Love Lessons

❥ Carolyn & Bran Fanning met 59 years ago. “You know the song ‘Some Enchanted Evening?’” asks Bran. “Well, one night, across a crowded room, I saw Carolyn, and said to myself, ‘That’s the girl I’m going to marry.’” Carolyn recalls of the time: “I’d had several beaus, but none seemed exactly right…until I met Bran.” They were living in Illinois, moved to Tiburon in 1960, and now have three daughters and three grandchildren—all living nearby. Bran has served on Tiburon’s town council and as town mayor, while Carolyn lightheartedly claims, “I was the woman behind the throne.” Bran reminisces about their 58 years of marriage: “We’ve had a lot of fun together; we’ve traveled the world, played a lot of golf and have generally enjoyed each other.” Carolyn’s secret to their bliss is more succinct: “We chose right,” she says. Asked to expand, she states, “We took our time, got to know each other and each other’s families; we knew we were compatible before we got married.”

❥ Sharon and Glenn Lehrer met at a swimming pool over 28 years ago. “I was rooming with a buddy in a house that had a pool,” recalls Glenn, “and one afternoon Sharon came over for a swim.”

Sharon, who admits she’s “a bit older than Glenn,” was drawn to the well-built gem cutter from the start. “I detected his feminine energies and was immediately able to connect with him.” And 30 years later, after they’ve not only lived but also worked together at Lehrer Designs, a jewelry studio on Larkspur’s Magnolia Avenue, that feeling has not changed. “I still appreciate his strong yet sensitive and sensual approach to life,” says Sharon.

Likewise, Glenn, 56, was and still is attracted to Sharon’s “whole package.” Sharon has “taught me humility; how to let someone else be strong, and, most of all, how to listen.” Their secret to making the love last: “Good communication about everything,” says Sharon, “especially the uncomfortable issues.” Glenn has two suggestions: “Great sex and plenty of laughter.”

❥ Amy and Tim Galusha met at a family beach party in 1990 and connected instantly, but their relationship would not develop for years. “I was in my first year at Hastings law school and Amy was a freshman at Cal Poly,” says Tim. “The timing just wasn’t right.” So the couple stayed in touch via letters, phone calls, and occasional visits. Years passed before their stars would align. Amy called to say she’d be in San Francisco and wanted to meet for coffee. Tim had different plans: “I was going skiing at Tahoe,” he remembers, adding, “I wanted to see Amy, but for more than coffee.” Plans quickly changed and, three years later, Amy and Tim were married.
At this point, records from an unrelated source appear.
lemma card_tub_forests_step:
  fixes q :: nat and M :: "nat multiset"
  defines "N \<equiv> q + \<Sum>\<^sub># M"
  defines "L \<equiv> Suc N - size M"
  assumes M0: "0 \<notin># M"
    and IH_Null: "card (tub_forests q M) * fact (N - size M) * prod_fact_count M * N = q * fact N"
    and IH_join: "\<And>k. k \<in># M \<Longrightarrow>
      card (tub_forests (q + k) (M - {#k#})) * fact L * prod_fact_count (M - {#k#}) * N = (q + k) * fact N"
  shows "card (tub_forests (Suc q) M) * fact L * prod_fact_count M = Suc q * fact N"
proof (cases "N = 0")
  case True
  then have "q = 0" "M = {#}"
    using M0 by (auto simp: N_def) (metis multiset_nonemptyE)
  then show ?thesis
    using True by (simp add: L_def prod_fact_count_def tub_forests_Suc tub_forests_0)
next
  case False
  have L_Suc: "L = Suc (N - size M)" and L_size: "L + size M = Suc N"
    using size_le_sum_mset[OF M0] by (simp_all add: L_def N_def)
  have "card (tub_forests (Suc q) M) * fact L * prod_fact_count M * N =
          card (tub_forests q M) * fact L * prod_fact_count M * N +
          (\<Sum>k\<in>set_mset M. card (tub_forests (q + k) (M - {#k#})) * fact L * prod_fact_count M * N)"
    by (simp add: card_tub_forests_Suc M0 sum_distrib_right add_mult_distrib)
  also have "\<dots> = card (tub_forests q M) * fact L * prod_fact_count M * N +
          (\<Sum>k\<in>set_mset M. count M k *
             (card (tub_forests (q + k) (M - {#k#})) * fact L * prod_fact_count (M - {#k#}) * N))"
    by (intro arg_cong2[where f = "(+)"] refl sum.cong) (simp_all add: prod_fact_count_remove)
  also have "\<dots> = L * q * fact N + (\<Sum>k\<in>set_mset M. count M k * ((q + k) * fact N))"
  proof -
    have "card (tub_forests q M) * fact L * prod_fact_count M * N =
            L * (card (tub_forests q M) * fact (N - size M) * prod_fact_count M * N)"
      by (simp only: L_Suc fact_Suc of_nat_id mult_ac)
    moreover have "(\<Sum>k\<in>set_mset M. count M k *
             (card (tub_forests (q + k) (M - {#k#})) * fact L * prod_fact_count (M - {#k#}) * N)) =
          (\<Sum>k\<in>set_mset M. count M k * ((q + k) * fact N))"
      by (intro sum.cong) (simp_all add: IH_join)
    ultimately show ?thesis
      by (simp add: IH_Null)
  qed
  also have "\<dots> = (L * q + q * size M + \<Sum>\<^sub># M) * fact N"
  proof -
    have "(\<Sum>k\<in>#M. (q + k) * fact N) = (q * size M + \<Sum>\<^sub># M) * fact N"
      by (induction M) (simp_all add: algebra_simps)
    then show ?thesis
      by (simp add: sum_set_mset_count add_mult_distrib)
  qed
  also have "\<dots> = N * (Suc q * fact N)"
  proof -
    have "L * q + q * size M = Suc N * q"
      using L_size by (metis add_mult_distrib mult.commute)
    then show ?thesis
      by (simp add: N_def algebra_simps)
  qed
  finally show ?thesis
    using False by simp
qed

(* Multiplied by the number of vertices r + sum M, the formula also holds for r = 0. *)
lemma card_tub_forests:
  assumes "0 \<notin># M"
  shows "card (tub_forests r M) * fact (r + \<Sum>\<^sub># M - size M) * prod_fact_count M * (r + \<Sum>\<^sub># M) =
           r * fact (r + \<Sum>\<^sub># M)"
  using assms
proof (induction "r + \<Sum>\<^sub># M" arbitrary: r M rule: less_induct)
  case less
  show ?case
  proof (cases r)
    case 0
    then show ?thesis by (simp add: tub_forests_0)
  next
    case (Suc q)
    define N where "N = q + \<Sum>\<^sub># M"
    have IH_join: "card (tub_forests (q + k) (M - {#k#})) * fact (Suc N - size M) *
        prod_fact_count (M - {#k#}) * N = (q + k) * fact N" if k: "k \<in># M" for k
    proof -
      have sum_eq: "q + k + \<Sum>\<^sub># (M - {#k#}) = N"
        using k by (simp add: N_def sum_mset.remove)
      have size_eq: "N - size (M - {#k#}) = Suc N - size M"
        using k size_Diff_singleton[OF k] by (cases "size M") auto
      have "0 \<notin># M - {#k#}"
        using less.prems by (meson in_diffD)
      moreover have "q + k + \<Sum>\<^sub># (M - {#k#}) < r + \<Sum>\<^sub># M"
        using sum_eq Suc by (simp add: N_def)
      ultimately have "card (tub_forests (q + k) (M - {#k#})) *
          fact (q + k + \<Sum>\<^sub># (M - {#k#}) - size (M - {#k#})) * prod_fact_count (M - {#k#}) *
          (q + k + \<Sum>\<^sub># (M - {#k#})) = (q + k) * fact (q + k + \<Sum>\<^sub># (M - {#k#}))"
        using less.hyps by blast
      then show ?thesis
        unfolding sum_eq size_eq .
    qed
    have "card (tub_forests q M) * fact (N - size M) * prod_fact_count M * N = q * fact N"
      using less Suc by (simp add: N_def)
    with IH_join have "card (tub_forests r M) * fact (Suc N - size M) * prod_fact_count M = r * fact N"
      unfolding Suc N_def using less.prems by (intro card_tub_forests_step) simp_all
    moreover have "r + \<Sum>\<^sub># M = Suc N"
      by (simp add: Suc N_def)
    ultimately show ?thesis
      by (simp only: fact_Suc of_nat_id) (simp add: mult_ac)
  qed
qed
They now have three young children and live in Novato. Tim is an attorney while Amy enjoys her active family life and part-time work as a marriage and family therapist. “I’m still trying to learn her ways,” admits Tim, “but that’s exciting; it’s interesting and it’s a challenge.” Both he and Amy acknowledge the role humor plays in a successful marriage. “I don’t think either of us takes things too seriously,” Tim says. “We’re light-hearted people,” Amy adds. She does offer a serious bit of advice: “We both realize that nothing lasts forever—neither the good times nor the bad—they are both temporary. So we try to cherish what’s really important.”

❥ Tanya Zilinskas Naouri and Daoud Naouri met online. “But it wasn’t an online dating site,” Tanya, 30, quickly says, “It was a social networking page.” To that, Daoud, 36, adds, “we’ve been married a year, but we lived together for almost five years.” So, did marriage change anything? “Not really,” they answer, almost in unison. “It was the next natural step,” they add, again nearly in chorus.

 “First of all, we’re really good friends,” says Tanya, an online retailer. “And we love each other,” finishes Daoud, who’s in telecom sales. Come on, haven’t you two ever had a good argument? “Things got a tad tense when we were renovating our house,” admits Tanya. “It had been neglected for five years,” adds Daoud. Okay, how did they work through it?

“Our typical fight,” says Daoud, “is to explode, then comes silence, then we apologize, then we laugh about it.” After nodding in agreement, Tanya shares her secret to marital happiness: “You have to think—and I mean really think—about how the other person is feeling,” she says. “Daoud’s feelings are just as important to him as mine are to me.”